Hi, the question is:
A three-digit number is selected from the numbers 3,4,5,7,8,9 with no repetition.
What is the probability that he number formed is greater than 800?
I've already figured out the first part of the answer and found that the total numbers formed was 6P3=120
Can i please get help with finding the rest?
Just thought I'd post another way of explaining! The best thing to do in this example is to draw a set of boxes and in each box you place the number of possible outcomes at each stage.
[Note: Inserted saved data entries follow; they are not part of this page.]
lemma comp_seq_fs_has_derivative:
  "\<exists>D. (comp_seq fs m has_derivative D) (at z) \<and> cscale2_homogeneous D \<and> inj D"
proof (induction m arbitrary: z)
  case 0
  show ?case
    unfolding comp_seq.simps using cscale2_homogeneous_id has_derivative_id inj_on_id by blast
next
  case (Suc m)
  obtain D1 where D1: "(comp_seq fs m has_derivative D1) (at z)" "cscale2_homogeneous D1" "inj D1"
    using Suc by blast
  obtain D2 where D2: "(fs (Suc m) has_derivative D2) (at (comp_seq fs m z))" "cscale2_homogeneous D2" "inj D2"
    using fs_has_derivative[of "Suc m" "comp_seq fs m z"] by auto
  have "(comp_seq fs (Suc m) has_derivative D2 \<circ> D1) (at z)"
    using has_derivative_compose[OF D1(1) D2(1)] by (simp add: o_def)
  then show ?case
    using D1 D2 by (metis cscale2_homogeneous_comp inj_compose)
qed

lemma continuous_comp_seq_fs: "continuous (at z) (comp_seq fs m)"
  using comp_seq_fs_has_derivative has_derivative_continuous by blast

lemma bij_F: "bij F"
  by (rule o_bij[where g="\<lambda>u. ((fst u - (snd u / \<beta>) ^ 2) / \<alpha>, snd u / \<beta>)"])
    (use \<alpha>_nonzero \<beta>_nonzero in \<open>auto simp: F_eq fun_eq_iff field_simps\<close>)

lemma bij_G: "bij G"
  by (rule o_bij[where g="\<lambda>u. (fst u / \<beta>, (snd u - (fst u / \<beta>) ^ k) / \<alpha>)"])
    (use \<alpha>_nonzero \<beta>_nonzero in \<open>auto simp: G_eq fun_eq_iff field_simps\<close>)

lemma bij_comp_seq_fs: "bij (comp_seq fs m)"
proof (induction m)
  case (Suc m)
  have "bij (fs (Suc m))" using fs_F_or_G[of "Suc m"] bij_F bij_G by auto
  then show ?case using bij_comp[OF Suc] by (simp only: comp_seq.simps)
qed (simp only: comp_seq.simps bij_id)

lemma nf_bound: "norm (nf X w) \<le> nf_size X * (1 + norm w) ^ 2"
proof -
  obtain a b c where X: "X = (a, b, c)" by (metis prod_cases3)
  let ?T = "(1 + norm w) ^ 2"
  have "cmod (fst w) \<le> norm w" "cmod (snd w) \<le> norm w"
    using norm_fst_le[of "fst w" "snd w"] norm_snd_le[of "snd w" "fst w"] by simp_all
  moreover have "1 + norm w \<le> ?T"
    using mult_left_mono[of 1 "1 + norm w" "1 + norm w"] by (simp add: power2_eq_square)
  ultimately have T: "cmod (fst w) \<le> ?T" "cmod (snd w) \<le> ?T" "cmod (snd w) ^ 2 \<le> ?T"
    by (auto intro: power_mono)
  have "norm (nf X w) \<le> cmod (a * fst w + c * (snd w) ^ 2) + cmod (b * snd w)"
    using norm_Pair_le by (simp add: nf_def X)
  also have "\<dots> \<le> cmod a * cmod (fst w) + cmod c * cmod (snd w) ^ 2 + cmod b * cmod (snd w)"
    using norm_triangle_ineq[of "a * fst w" "c * (snd w) ^ 2"] by (simp add: norm_mult norm_power)
  also have "\<dots> \<le> cmod a * ?T + cmod c * ?T + cmod b * ?T"
    using T by (intro add_mono mult_left_mono) auto
  also have "\<dots> \<le> nf_size X * ?T"
    using \<mu>_pos by (simp add: nf_size_def quad_size_def X distrib_right[symmetric] mult_right_mono)
  finally show ?thesis .
qed

lemma nf_size_nonneg: "nf_size X \<ge> 0"
  using quad_size_nonneg[of X] by (auto simp: nf_size_def split: prod.splits)

lemma nf_size_nf_params_tendsto_zero: "(\<lambda>n. nf_size (nf_params m n)) \<longlonglongrightarrow> 0"
proof (rule Lim_null_comparison)
  show "\<forall>\<^sub>F n in sequentially. norm (nf_size (nf_params m n)) \<le> (2 + \<mu>) * p ^ n"
    using nf_size_nf_params nf_size_nonneg by simp
  show "(\<lambda>n. (2 + \<mu>) * p ^ n) \<longlonglongrightarrow> 0"
    using p_pos p_less_1 by (intro tendsto_mult_right_zero LIMSEQ_power_zero) simp
qed

lemma nf_nf_params_tendsto_zero: "(\<lambda>n. nf (nf_params m n) w) \<longlonglongrightarrow> 0"
proof (rule Lim_null_comparison)
  show "\<forall>\<^sub>F n in sequentially. norm (nf (nf_params m n) w) \<le> nf_size (nf_params m n) * (1 + norm w) ^ 2"
    by (simp add: nf_bound)
  show "(\<lambda>n. nf_size (nf_params m n) * (1 + norm w) ^ 2) \<longlonglongrightarrow> 0"
    by (intro tendsto_mult_left_zero nf_size_nf_params_tendsto_zero)
qed

lemma shifted_orbit_tendsto_zero:
  assumes x: "x \<in> ball 0 (\<rho>/2)"
  shows "(\<lambda>n. comp_seq (\<lambda>j. fs (m + j)) n x) \<longlonglongrightarrow> 0"
proof (rule Lim_null_comparison)
  interpret C: near_identity_sequence \<rho> "correction_seq m" "correction_seq_deriv m" \<delta>
    by (rule correction_near_identity)
  show "\<forall>\<^sub>F n in sequentially. norm (comp_seq (\<lambda>j. fs (m + j)) n x) \<le> nf_size (nf_params m n) * 4"
  proof (intro always_eventually allI)
    fix n
    have "norm (comp_seq (correction_seq m) n x) \<le> 1"
      using C.orbit_bound[of x n] x \<rho>_le_1 by simp
    then have "(1 + norm (comp_seq (correction_seq m) n x)) ^ 2 \<le> 2 ^ 2"
      by (intro power_mono) auto
    then have "norm (nf (nf_params m n) (comp_seq (correction_seq m) n x)) \<le> nf_size (nf_params m n) * 4"
      using nf_bound[of "nf_params m n" "comp_seq (correction_seq m) n x"]
        mult_left_mono[OF _ nf_size_nonneg[of "nf_params m n"]] by fastforce
    then show "norm (comp_seq (\<lambda>j. fs (m + j)) n x) \<le> nf_size (nf_params m n) * 4"
      by (simp add: comp_correction_seq nf_nf_inv_params)
  qed
  show "(\<lambda>n. nf_size (nf_params m n) * 4) \<longlonglongrightarrow> 0"
    by (intro tendsto_mult_left_zero nf_size_nf_params_tendsto_zero)
qed

lemma orbit_small_imp_in_basin:
  assumes "comp_seq fs m z \<in> ball 0 (\<rho>/2)"
  shows "z \<in> nonaut_basin fs"
proof -
  have "(\<lambda>n. comp_seq fs (m + n) z) \<longlonglongrightarrow> 0"
    using shifted_orbit_tendsto_zero[OF assms, of m] by (simp only: comp_seq_add)
  then have "(\<lambda>n. comp_seq fs (n + m) z) \<longlonglongrightarrow> 0" by (simp only: add.commute)
  then show ?thesis unfolding nonaut_basin_def by (blast intro: LIMSEQ_offset)
qed

lemma basin_eventually_small:
  assumes "z \<in> nonaut_basin fs"
  shows "\<forall>\<^sub>F m in sequentially. comp_seq fs m z \<in> ball 0 (\<rho>/2)"
proof -
  have "(\<lambda>n. norm (comp_seq fs n z)) \<longlonglongrightarrow> 0"
    using assms by (simp add: nonaut_basin_def tendsto_norm_zero)
  then have "\<forall>\<^sub>F m in sequentially. norm (comp_seq fs m z) < \<rho>/2"
    using \<rho>_pos by (intro order_tendstoD) auto
  then show ?thesis by simp
qed

lemma open_basin: "open (nonaut_basin fs)"
proof -
  have "nonaut_basin fs = (\<Union>m. comp_seq fs m -` ball 0 (\<rho>/2))"
  proof
    show "nonaut_basin fs \<subseteq> (\<Union>m. comp_seq fs m -` ball 0 (\<rho>/2))"
    proof
      fix z assume "z \<in> nonaut_basin fs"
      then obtain N where "\<forall>m\<ge>N. comp_seq fs m z \<in> ball 0 (\<rho>/2)"
        using basin_eventually_small eventually_sequentially by meson
      then show "z \<in> (\<Union>m. comp_seq fs m -` ball 0 (\<rho>/2))" by blast
    qed
  qed (use orbit_small_imp_in_basin in blast)
  moreover have "open (comp_seq fs m -` ball 0 (\<rho>/2))" for m
    using continuous_comp_seq_fs by (intro continuous_open_vimage) auto
  ultimately show ?thesis by auto
qed

lemma nf_inv_nf_params_has_derivative:
  "\<exists>D. (nf_inv (nf_params m n) has_derivative D) (at w) \<and> cscale2_homogeneous D \<and> inj D"
proof -
  obtain a b c where X: "nf_params m n = (a, b, c)" "a \<noteq> 0" "b \<noteq> 0" by (rule nf_params_cases)
  let ?D = "\<lambda>h. ((fst h - c / b ^ 2 * (2 * snd w * snd h)) / a, snd h / b)"
  have "(nf_inv (a, b, c) has_derivative ?D) (at w)"
    unfolding nf_inv_def using X by (auto intro!: derivative_eq_intros simp: fun_eq_iff field_simps)
  moreover have "cscale2_homogeneous ?D"
    by (simp add: cscale2_homogeneous_def cscale2_def field_simps)
  moreover have "inj ?D"
    using X by (intro injI) (auto simp: prod_eq_iff)
  ultimately show ?thesis using X by auto
qed

lemma nf_inv_nf_params_tendsto:
  "f \<longlonglongrightarrow> l \<Longrightarrow> (\<lambda>n. nf_inv (nf_params m j) (f n)) \<longlonglongrightarrow> nf_inv (nf_params m j) l"
  using nf_inv_nf_params_has_derivative has_derivative_continuous isCont_tendsto_compose by blast

definition Phi :: "complex \<times> complex \<Rightarrow> complex \<times> complex" where
  "Phi z = lim (\<lambda>n. nf_inv (nf_params 0 n) (comp_seq fs n z))"

lemma Phi_eq:
  assumes "comp_seq fs m z \<in> ball 0 (\<rho>/2)"
  shows "Phi z = nf_inv (nf_params 0 m) (near_identity_sequence.limit_map (correction_seq m) (comp_seq fs m z))"
proof -
  interpret C: near_identity_sequence \<rho> "correction_seq m" "correction_seq_deriv m" \<delta>
    by (rule correction_near_identity)
  define x where "x = comp_seq fs m z"
  have "nf_inv (nf_params 0 (n + m)) (comp_seq fs (n + m) z) = nf_inv (nf_params 0 m) (comp_seq (correction_seq m) n x)" for n
    unfolding add.commute[of n m] nf_inv_params_add comp_seq_add comp_correction_seq x_def ..
  moreover have "(\<lambda>n. nf_inv (nf_params 0 m) (comp_seq (correction_seq m) n x)) \<longlonglongrightarrow> nf_inv (nf_params 0 m) (C.limit_map x)"
    using assms by (intro nf_inv_nf_params_tendsto C.limit_map_converges) (simp add: x_def)
  ultimately have "(\<lambda>n. nf_inv (nf_params 0 (n + m)) (comp_seq fs (n + m) z)) \<longlonglongrightarrow> nf_inv (nf_params 0 m) (C.limit_map x)"
    by simp
  then have "(\<lambda>n. nf_inv (nf_params 0 n) (comp_seq fs n z)) \<longlonglongrightarrow> nf_inv (nf_params 0 m) (C.limit_map x)"
    by (rule LIMSEQ_offset)
  then show ?thesis unfolding Phi_def x_def by (rule limI)
qed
There will be three boxes in this solution because there are three numbers to be chosen.
| | x | | x | |
In each box, place the number of items that can be chosen from at each stage.
| 2 | x | 5 | x | 4 |
Explanation:
Box 1 = 2 because there are 2 possible numbers that can take the place of the first digit in this three digit number. Either 8 or 9 because the number has to be over 800.
Box 2 = 5 because there are 5 possible numbers that can take the place of the second digit in this three digit number. Either 8 or 9 has already been chosen, leaving 5 numbers left that can be chosen.
Box 3 = 4 because there 5 possible numbers that can take the place of the third digit in this three digit number. Because there is to be no repetition in our selection, the 8 or 9 + 1 other digit has already been taken, leaving 4 numbers left than can be chosen
| 2 | x | 5 | x | 4 | = 40 numbers will be over 800
Therefore, the probability that the number formed will be more than 800 is 40/120 = ⅓. (from provided first answer)